La question des vacataires est complexe, dans la mesure où nous avons bien évidemment intérêt à permettre une sorte de mixité du corps enseignant dans les écoles d'architecture par la présence de professionnels. Nous titularisons progressivement de nombreux vacataires en programmant des concours de recrutements de maîtres-assistants. Nous traitons aussi ce problème, monsieur Dauge, en contractualisant les vacataires, mais cette piste doit être explorée de manière progressive.
En ce qui concerne la programmation, il n'existe pas de chiffre idéal. Comme je vous l'ai indiqué, le rythme annuel pour le patrimoine et les monuments historiques a été, bon an mal an, de 300 millions d'euros, hors intempéries.

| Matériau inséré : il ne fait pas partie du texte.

lemma prob_pair_pmf_le:
  assumes "\<And>y. y \<in> set_pmf N \<Longrightarrow> measure_pmf.prob M {x. Q x y} \<le> e" and "e \<ge> 0"
  shows "measure_pmf.prob (pair_pmf M N) {p. Q (fst p) (snd p)} \<le> e"
proof -
  have "pair_pmf M N = bind_pmf N (\<lambda>y. map_pmf (\<lambda>x. (x, y)) M)"
    unfolding pair_pmf_def map_pmf_def by (subst bind_commute_pmf) simp
  moreover have "measure_pmf.prob (bind_pmf N (\<lambda>y. map_pmf (\<lambda>x. (x, y)) M))
      {p. Q (fst p) (snd p)} \<le> measure_pmf.prob N {} + e"
    using assms by (intro prob_bind_pmf_le) (auto simp: vimage_def)
  ultimately show ?thesis by simp
qed

lemma prob_funpow_bind_pmf_le:
  assumes "\<And>x. measure_pmf.prob (K x) A \<le> indicator A x + e" and "e \<ge> 0"
  shows "measure_pmf.prob (((\<lambda>p. bind_pmf p K) ^^ t) p) A \<le> measure_pmf.prob p A + t * e"
proof (induction t)
  case 0
  then show ?case by simp
next
  case (Suc t)
  have "measure_pmf.prob (((\<lambda>p. bind_pmf p K) ^^ Suc t) p) A
      \<le> measure_pmf.prob (((\<lambda>p. bind_pmf p K) ^^ t) p) A + e"
    using assms by (simp add: prob_bind_pmf_le)
  with Suc show ?case by (simp add: algebra_simps)
qed

lemma finite_inputs: "finite (inputs n)"
  using finite_lists_length_eq[of "UNIV :: bool set" n] by (simp add: inputs_def)

lemma card_inputs: "card (inputs n) = 2 ^ n"
  using card_lists_length_eq[of "UNIV :: bool set" n] by (simp add: inputs_def)

lemma gen_error_le_1: "gen_error n h X \<le> 1"
proof -
  have "card {x \<in> inputs n. eval_prog X x \<noteq> Some (h x)} \<le> card (inputs n)"
    by (rule card_mono[OF finite_inputs]) auto
  then show ?thesis by (simp add: gen_error_def card_inputs)
qed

Le budget 2006 permettra une montée en puissance considérable puisque 100 millions d'euro s'ajoutent aux 300 millions d'euros que je viens d'évoquer. Toutefois, la franchise me conduit à vous préciser que cette augmentation doit me permettre d'honorer toutes sortes d'impayés.
Si nous voulons faire face à nos obligations dans de bonnes conditions, nous devons franchir la barre du rythme annuel de 400 millions d'euros. J'ai commandé une étude pour obtenir les chiffres les plus précis possible. La direction de l'architecture et du patrimoine m'indique en effet, un peu « à la louche », que 6 milliards d'euros de travaux doivent être réalisés dans un proche avenir, dont 2 milliards d'euros de travaux très urgents. Il convient donc d'affiner ces données.
Il faut tout de même mesurer l'importance de l'effort consenti pour 2006 - nous aurons l'occasion d'y revenir. Je ne veux par relancer le débat, mais il s'agit non seulement d'argent, mais aussi d'une mesure à caractère symbolique.